In the second post of a two-part article, Marian Predov examines how financial services will be forced to react to impending SFTR regulation. Readers who missed part one, which discusses the regulation's aims, should read that article first.
And the reporting obligation goes to…?
In one word: everybody! The list includes banks, brokers, funds, insurance companies, asset managers, pension funds, and other financial as well as non-financial companies.
The Regulation will cover SFTs carried out by any company established in the EU, irrespective of the location of its respective branch offices. Over and above, it also includes SFTs conducted by EU branches of non-EU firms, and any SFT where the securities used are delivered by an EU counterparty or by an EU branch of a third-country firm under collateral agreement, which also allows the collateral to be provided by an entity other than the borrower. The proposal also explicitly identifies UCITS funds and AIFM funds as being subject to the regulation in its final form (remember shadow banking?).
There are some exceptions (if one could call them that), and a handful of institutions are exempt from the reporting obligations. Surprisingly or not, the SFTR does not apply to the ECB, the European System of Central Banks, the Bank for International Settlements, and bodies managing public debt, in order not to affect their discretionary policies.
Article 4 requires counterparties to an SFT to report details of any SFT they have concluded, modified, or terminated to a trade repository no later than the working day following the conclusion, modification or termination of the transaction or, if no trade repository is available, to the European Securities and Markets Authority (ESMA).
The basic features of SFT trade reporting are similar to those of EMIR trade reporting in respect of over-the-counter derivatives, which went live in February 2014. Although certain aspects of the requirements do differ in form and content compared to EMIR. In that regard, there might be a need to adjust the systems to ensure the required data is properly captured and reported.
Details that need to be reported will include the parties to the SFT, the principal amount and currency, and the assets used as collateral. Furthermore, where a non-financial counterparty does not exceed at least two of the following three thresholds on its balance sheet, the financial counterparty will have an obligation to report on behalf of both itself and that non-financial counterparty: (i) balance sheet total of EUR 20 million; (ii) net turnover of EUR 40 million; and (iii) an average of 250 employees during the financial year. In essence the regulator wants to prevent any value depreciation of the asset during the lifetime of any transaction, so in reality any change needs to be reported.
Is there a ‘next level use’ for the data reported?
Yes, there is!
Trade repositories should regularly, and in an accessible way, publish aggregate positions by type of SFTs reported. Beside this publication mandate, supervisors and regulators (incl. relevant national authorities) responsible for financial stability and securities markets would have access to the data collected.
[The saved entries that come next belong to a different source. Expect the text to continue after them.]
(* For every co-comparability graph $G$, $\operatorname{box}(G)\le 2\Delta(G)+1$, where $\Delta(G)$ is the maximum degree of $G$.
   Context: A comparability graph is a graph whose vertex set admits a partial order such that two distinct vertices are adjacent iff they are comparable; $G$ is a co-comparability graph if its complement is a comparability graph. The boxicity $\operatorname{box}(G)$ is the minimum $b$ such that $G$ is the intersection graph of axis-parallel boxes in $\mathbb{R}^b$ (products of $b$ closed intervals), one box per vertex. *)

theory Defs
  imports Complex_Main
begin

definition simple_graph :: "'a set \<Rightarrow> ('a \<Rightarrow> 'a \<Rightarrow> bool) \<Rightarrow> bool" where
  "simple_graph V E \<longleftrightarrow> finite V \<and>
     (\<forall>u v. E u v \<longrightarrow> u \<in> V \<and> v \<in> V \<and> u \<noteq> v \<and> E v u)"

definition comparability_graph :: "'a set \<Rightarrow> ('a \<Rightarrow> 'a \<Rightarrow> bool) \<Rightarrow> bool" where
  "comparability_graph V E \<longleftrightarrow> (\<exists>r. partial_order_on V r \<and>
     (\<forall>u\<in>V. \<forall>v\<in>V. u \<noteq> v \<longrightarrow> (E u v \<longleftrightarrow> (u, v) \<in> r \<or> (v, u) \<in> r)))"

definition graph_complement :: "'a set \<Rightarrow> ('a \<Rightarrow> 'a \<Rightarrow> bool) \<Rightarrow> 'a \<Rightarrow> 'a \<Rightarrow> bool" where
  "graph_complement V E u v \<longleftrightarrow> u \<in> V \<and> v \<in> V \<and> u \<noteq> v \<and> \<not> E u v"

definition cocomparability_graph :: "'a set \<Rightarrow> ('a \<Rightarrow> 'a \<Rightarrow> bool) \<Rightarrow> bool" where
  "cocomparability_graph V E \<longleftrightarrow> comparability_graph V (graph_complement V E)"

text \<open>The axis-parallel box in R^b with lower corner lo and upper corner hi
  (points of R^b represented as functions nat => real, only coordinates < b matter).\<close>
definition box_set :: "nat \<Rightarrow> (nat \<Rightarrow> real) \<Rightarrow> (nat \<Rightarrow> real) \<Rightarrow> (nat \<Rightarrow> real) set" where
  "box_set b lo hi = {x. \<forall>i<b. lo i \<le> x i \<and> x i \<le> hi i}"

definition box_representable :: "'a set \<Rightarrow> ('a \<Rightarrow> 'a \<Rightarrow> bool) \<Rightarrow> nat \<Rightarrow> bool" where
  "box_representable V E b \<longleftrightarrow> (\<exists>lo hi :: 'a \<Rightarrow> nat \<Rightarrow> real.
     (\<forall>v\<in>V. \<forall>i<b. lo v i \<le> hi v i) \<and>
     (\<forall>u\<in>V. \<forall>v\<in>V. u \<noteq> v \<longrightarrow>
        (E u v \<longleftrightarrow> box_set b (lo u) (hi u) \<inter> box_set b (lo v) (hi v) \<noteq> {})))"

definition boxicity :: "'a set \<Rightarrow> ('a \<Rightarrow> 'a \<Rightarrow> bool) \<Rightarrow> nat" where
  "boxicity V E = (LEAST b. box_representable V E b)"

definition degree :: "'a set \<Rightarrow> ('a \<Rightarrow> 'a \<Rightarrow> bool) \<Rightarrow> 'a \<Rightarrow> nat" where
  "degree V E v = card {u \<in> V. E v u}"

text \<open>Maximum degree (0 for the empty graph).\<close>
definition max_degree :: "'a set \<Rightarrow> ('a \<Rightarrow> 'a \<Rightarrow> bool) \<Rightarrow> nat" where
  "max_degree V E = Max (insert 0 (degree V E ` V))"

end

theory Submission
  imports Defs
begin

text \<open>Colour \<open>G\<close> greedily with \<open>\<Delta>(G) + 1\<close> colours. A colour class is independent in \<open>G\<close>,
  hence a clique of the complement, i.e. a chain of the partial order. Each chain \<open>C\<close> yields an
  interval representation of a supergraph of \<open>G\<close> in which every comparable pair meeting \<open>C\<close>
  is separated: the elements of \<open>C\<close> become the points \<open>0, 1, 2, \<dots>\<close> in chain order, and a
  vertex outside \<open>C\<close> spans the gap between the chain elements below it and those above it.
  Taking one coordinate per colour class gives \<open>box(G) \<le> \<Delta>(G) + 1 \<le> 2\<Delta>(G) + 1\<close>.\<close>

lemma ex_colour_not_in_image:
  fixes f :: "'a \<Rightarrow> nat"
  assumes "finite N" and "card N \<le> d"
  shows "\<exists>c\<le>d. c \<notin> f ` N"
proof -
  have "card (f ` N) < card {0..d}"
    using card_image_le[OF assms(1), of f] assms(2) by simp
  then have "\<not> {0..d} \<subseteq> f ` N"
    using card_mono[OF finite_imageI[OF assms(1)]] by (meson not_le)
  then show ?thesis by auto
qed

lemma degree_le_max_degree:
  assumes "finite V" and "v \<in> V"
  shows "degree V E v \<le> max_degree V E"
  unfolding max_degree_def using assms by (intro Max_ge) auto

lemma simple_graph_greedy_colouring:
  assumes G: "simple_graph V E" and deg: "\<And>v. v \<in> V \<Longrightarrow> degree V E v \<le> d"
  shows "\<exists>f :: 'a \<Rightarrow> nat. (\<forall>v\<in>V. f v \<le> d) \<and> (\<forall>u\<in>V. \<forall>v\<in>V. E u v \<longrightarrow> f u \<noteq> f v)"
proof -
  have fin: "finite V" and irrefl_sym: "\<And>u v. E u v \<Longrightarrow> u \<noteq> v \<and> E v u"
    using G unfolding simple_graph_def by auto
  have "\<exists>f :: 'a \<Rightarrow> nat. (\<forall>v\<in>S. f v \<le> d) \<and> (\<forall>u\<in>S. \<forall>v\<in>S. E u v \<longrightarrow> f u \<noteq> f v)"
    if "S \<subseteq> V" for S
    using finite_subset[OF that fin] that
  proof (induction S rule: finite_subset_induct')
    case empty
    show ?case by simp
  next
    case (insert x S)
    obtain f :: "'a \<Rightarrow> nat" where f_le: "\<forall>v\<in>S. f v \<le> d"
      and f_proper: "\<forall>u\<in>S. \<forall>v\<in>S. E u v \<longrightarrow> f u \<noteq> f v"
      using insert.IH by blast
    let ?N = "{u\<in>S. E x u}"
    have "card ?N \<le> degree V E x"
      unfolding degree_def using insert.hyps fin by (intro card_mono) auto
    then obtain c where "c \<le> d" and c_free: "c \<notin> f ` ?N"
      using ex_colour_not_in_image[of ?N d f] deg[OF \<open>x \<in> V\<close>] insert.hyps(1) by auto
    have "(f(x := c)) u \<noteq> (f(x := c)) v"
      if "u \<in> insert x S" "v \<in> insert x S" "E u v" for u v
      using that f_proper c_free irrefl_sym[OF that(3)] \<open>x \<notin> S\<close>
      by (cases "u = x"; cases "v = x") auto
    with \<open>c \<le> d\<close> f_le show ?case
      by (intro exI[of _ "f(x := c)"]) auto
  qed
  then show ?thesis by blast
qed

definition chain_below :: "'a rel \<Rightarrow> 'a set \<Rightarrow> 'a \<Rightarrow> 'a set" where
  "chain_below r C x = {c\<in>C. (c, x) \<in> r \<and> c \<noteq> x}"

definition chain_above :: "'a rel \<Rightarrow> 'a set \<Rightarrow> 'a \<Rightarrow> 'a set" where
  "chain_above r C x = {c\<in>C. (x, c) \<in> r \<and> c \<noteq> x}"

definition chain_lo :: "'a rel \<Rightarrow> 'a set \<Rightarrow> 'a \<Rightarrow> real" where
  "chain_lo r C x = real (card (chain_below r C x)) - (if x \<in> C then 0 else 1/2)"

definition chain_hi :: "'a rel \<Rightarrow> 'a set \<Rightarrow> 'a \<Rightarrow> real" where
  "chain_hi r C x = real (card C) - real (card (chain_above r C x)) - (if x \<in> C then 1 else 1/2)"

lemma chain_lo_le_hi:
  assumes "finite C" and "trans r" and "antisym r"
    and not_below: "\<not> ((y, x) \<in> r \<and> y \<noteq> x)"
  shows "chain_lo r C x \<le> chain_hi r C y"
proof -
  define S where "S = (if x \<in> C then {x} else if y \<in> C then {y} else {})"
  have "chain_below r C x \<inter> chain_above r C y = {}"
    using not_below assms(2,3) unfolding chain_below_def chain_above_def antisym_def trans_def
    by blast
  moreover have "(chain_below r C x \<union> chain_above r C y) \<inter> S = {}"
    using not_below unfolding chain_below_def chain_above_def S_def by auto
  moreover have sub: "chain_below r C x \<union> chain_above r C y \<union> S \<subseteq> C"
    unfolding chain_below_def chain_above_def S_def by auto
  ultimately have "card (chain_below r C x) + card (chain_above r C y) + card S \<le> card C"
    using card_mono[OF \<open>finite C\<close> sub] finite_subset[OF sub \<open>finite C\<close>]
    by (simp add: card_Un_disjoint)
  then show ?thesis
    unfolding chain_lo_def chain_hi_def S_def by (auto split: if_splits)
qed

lemma chain_hi_less_lo:
  assumes "finite C" and "trans r" and "antisym r" and "C \<in> Chains r"
    and below: "(x, y) \<in> r" "x \<noteq> y" and meets: "x \<in> C \<or> y \<in> C"
  shows "chain_hi r C x < chain_lo r C y"
proof -
  have "C \<subseteq> chain_below r C y \<union> chain_above r C x"
    using assms(2-4) below meets
    unfolding Chains_def chain_below_def chain_above_def antisym_def trans_def by blast
  then have "card C \<le> card (chain_below r C y \<union> chain_above r C x)"
    using \<open>finite C\<close> by (intro card_mono) (auto simp: chain_below_def chain_above_def)
  also have "\<dots> \<le> card (chain_below r C y) + card (chain_above r C x)"
    by (rule card_Un_le)
  finally show ?thesis
    using meets unfolding chain_lo_def chain_hi_def by (auto split: if_splits)
qed

lemma box_set_Int_nonempty_iff:
  assumes "\<forall>i<b. lo i \<le> hi i" and "\<forall>i<b. lo' i \<le> hi' i"
  shows "box_set b lo hi \<inter> box_set b lo' hi' \<noteq> {} \<longleftrightarrow> (\<forall>i<b. lo i \<le> hi' i \<and> lo' i \<le> hi i)"
proof
  assume "box_set b lo hi \<inter> box_set b lo' hi' \<noteq> {}"
  then show "\<forall>i<b. lo i \<le> hi' i \<and> lo' i \<le> hi i"
    unfolding box_set_def by force
next
  assume "\<forall>i<b. lo i \<le> hi' i \<and> lo' i \<le> hi i"
  then have "(\<lambda>i. max (lo i) (lo' i)) \<in> box_set b lo hi \<inter> box_set b lo' hi'"
    using assms unfolding box_set_def by auto
  then show "box_set b lo hi \<inter> box_set b lo' hi' \<noteq> {}" by blast
qed

lemma box_representable_by_chain_colouring:
  fixes f :: "'a \<Rightarrow> nat"
  assumes "finite V" and "trans r" and "antisym r"
    and incomparable: "\<And>u v. u \<in> V \<Longrightarrow> v \<in> V \<Longrightarrow> u \<noteq> v \<Longrightarrow> E u v \<longleftrightarrow> (u, v) \<notin> r \<and> (v, u) \<notin> r"
    and colours: "\<And>v. v \<in> V \<Longrightarrow> f v < b"
    and chains: "\<And>i. {v\<in>V. f v = i} \<in> Chains r"
  shows "box_representable V E b"
proof -
  define C where "C i = {v\<in>V. f v = i}" for i
  define lo where "lo v i = chain_lo r (C i) v" for v i
  define hi where "hi v i = chain_hi r (C i) v" for v i
  have finite_C: "finite (C i)" for i
    using \<open>finite V\<close> unfolding C_def by simp
  have lo_le_hi: "\<forall>i<b. lo u i \<le> hi v i" if "\<not> ((v, u) \<in> r \<and> v \<noteq> u)" for u v
    unfolding lo_def hi_def using chain_lo_le_hi[OF finite_C assms(2,3) that] by blast
  have nonempty: "\<forall>i<b. lo v i \<le> hi v i" for v
    using lo_le_hi by blast
  have separated: "box_set b (lo u) (hi u) \<inter> box_set b (lo v) (hi v) = {}"
    if "u \<in> V" "(u, v) \<in> r" "u \<noteq> v" for u v
  proof -
    have "hi u (f u) < lo v (f u)"
      unfolding lo_def hi_def
      using chain_hi_less_lo[OF finite_C assms(2,3) chains[folded C_def] that(2,3)] that(1)
      by (simp add: C_def)
    then have "\<not> (\<forall>i<b. lo v i \<le> hi u i)"
      using colours[OF that(1)] by (meson not_le)
    then show ?thesis
      using box_set_Int_nonempty_iff[OF nonempty nonempty] by blast
  qed
  have "E u v \<longleftrightarrow> box_set b (lo u) (hi u) \<inter> box_set b (lo v) (hi v) \<noteq> {}"
    if "u \<in> V" "v \<in> V" "u \<noteq> v" for u v
  proof
    assume "E u v"
    then have "(u, v) \<notin> r" "(v, u) \<notin> r"
      using incomparable that by auto
    then show "box_set b (lo u) (hi u) \<inter> box_set b (lo v) (hi v) \<noteq> {}"
      using box_set_Int_nonempty_iff[OF nonempty nonempty] lo_le_hi by blast
  next
    assume "box_set b (lo u) (hi u) \<inter> box_set b (lo v) (hi v) \<noteq> {}"
    then show "E u v"
      using incomparable separated that by (metis Int_commute)
  qed
  then show ?thesis
    unfolding box_representable_def using nonempty by blast
qed

theorem theorem8:
  fixes V :: "'a set" and E :: "'a \<Rightarrow> 'a \<Rightarrow> bool"
  assumes "simple_graph V E"
    and "cocomparability_graph V E"
  shows "boxicity V E \<le> 2 * max_degree V E + 1"
proof -
  have "finite V"
    using assms(1) unfolding simple_graph_def by blast
  obtain r where po: "partial_order_on V r"
    and incomparable: "\<And>u v. u \<in> V \<Longrightarrow> v \<in> V \<Longrightarrow> u \<noteq> v \<Longrightarrow> E u v \<longleftrightarrow> (u, v) \<notin> r \<and> (v, u) \<notin> r"
    using assms(2)
    unfolding cocomparability_graph_def comparability_graph_def graph_complement_def by blast
  obtain f :: "'a \<Rightarrow> nat" where f_le: "\<forall>v\<in>V. f v \<le> max_degree V E"
    and f_proper: "\<forall>u\<in>V. \<forall>v\<in>V. E u v \<longrightarrow> f u \<noteq> f v"
    using simple_graph_greedy_colouring[OF assms(1) degree_le_max_degree[OF \<open>finite V\<close>]] by blast
  have "{v\<in>V. f v = i} \<in> Chains r" for i
    using f_proper incomparable partial_order_onD(1)[OF po]
    unfolding Chains_def refl_on_def by blast
  then have "box_representable V E (max_degree V E + 1)"
    using box_representable_by_chain_colouring[OF \<open>finite V\<close> partial_order_onD(2,3)[OF po]
        incomparable, of f] f_le
    by (simp add: less_Suc_eq_le)
  then have "boxicity V E \<le> max_degree V E + 1"
    unfolding boxicity_def by (rule Least_le)
  then show ?thesis by simp
qed

end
The regulatory technical standards (RTS) and implementing technical standards (ITS) will provide further details regarding the information that counterparties must report. ESMA published a consultation on 30 September 2016 that includes its draft RTS and ITS. The consultation was open for responses until 30 November 2016 and ESMA is obliged to submit to EC the draft RTS and draft ITS in Q1 2017, and to have it approved by end of 2017. This practically means that the reporting will not start before the end of 2018, or -more likely- some time during 2019.
What makes a Regulation effective one?
Simply put: Penalties and sanctions.
For non-compliance with the Reporting Requirements and Reuse Requirements, the competent authorities of the Member States will have the power to apply various administrative sanctions and other measures. Ranging from a ‘cease and desist order’ to an administrative penalty of up to the greater amount of EUR 5 million or equivalent (in case of non-compliance with the Reporting Requirements) or EUR 15 million or equivalent (in case of non-compliance with the Reuse Requirements) and 10% of the total annual turnover of the legal entity.
For non-compliance with the Disclosure Requirements, the competent authorities of the Member States will have the power to apply various administrative sanctions and other measures under the UCITS Directive and Alternative Investment Fund Managers Directive.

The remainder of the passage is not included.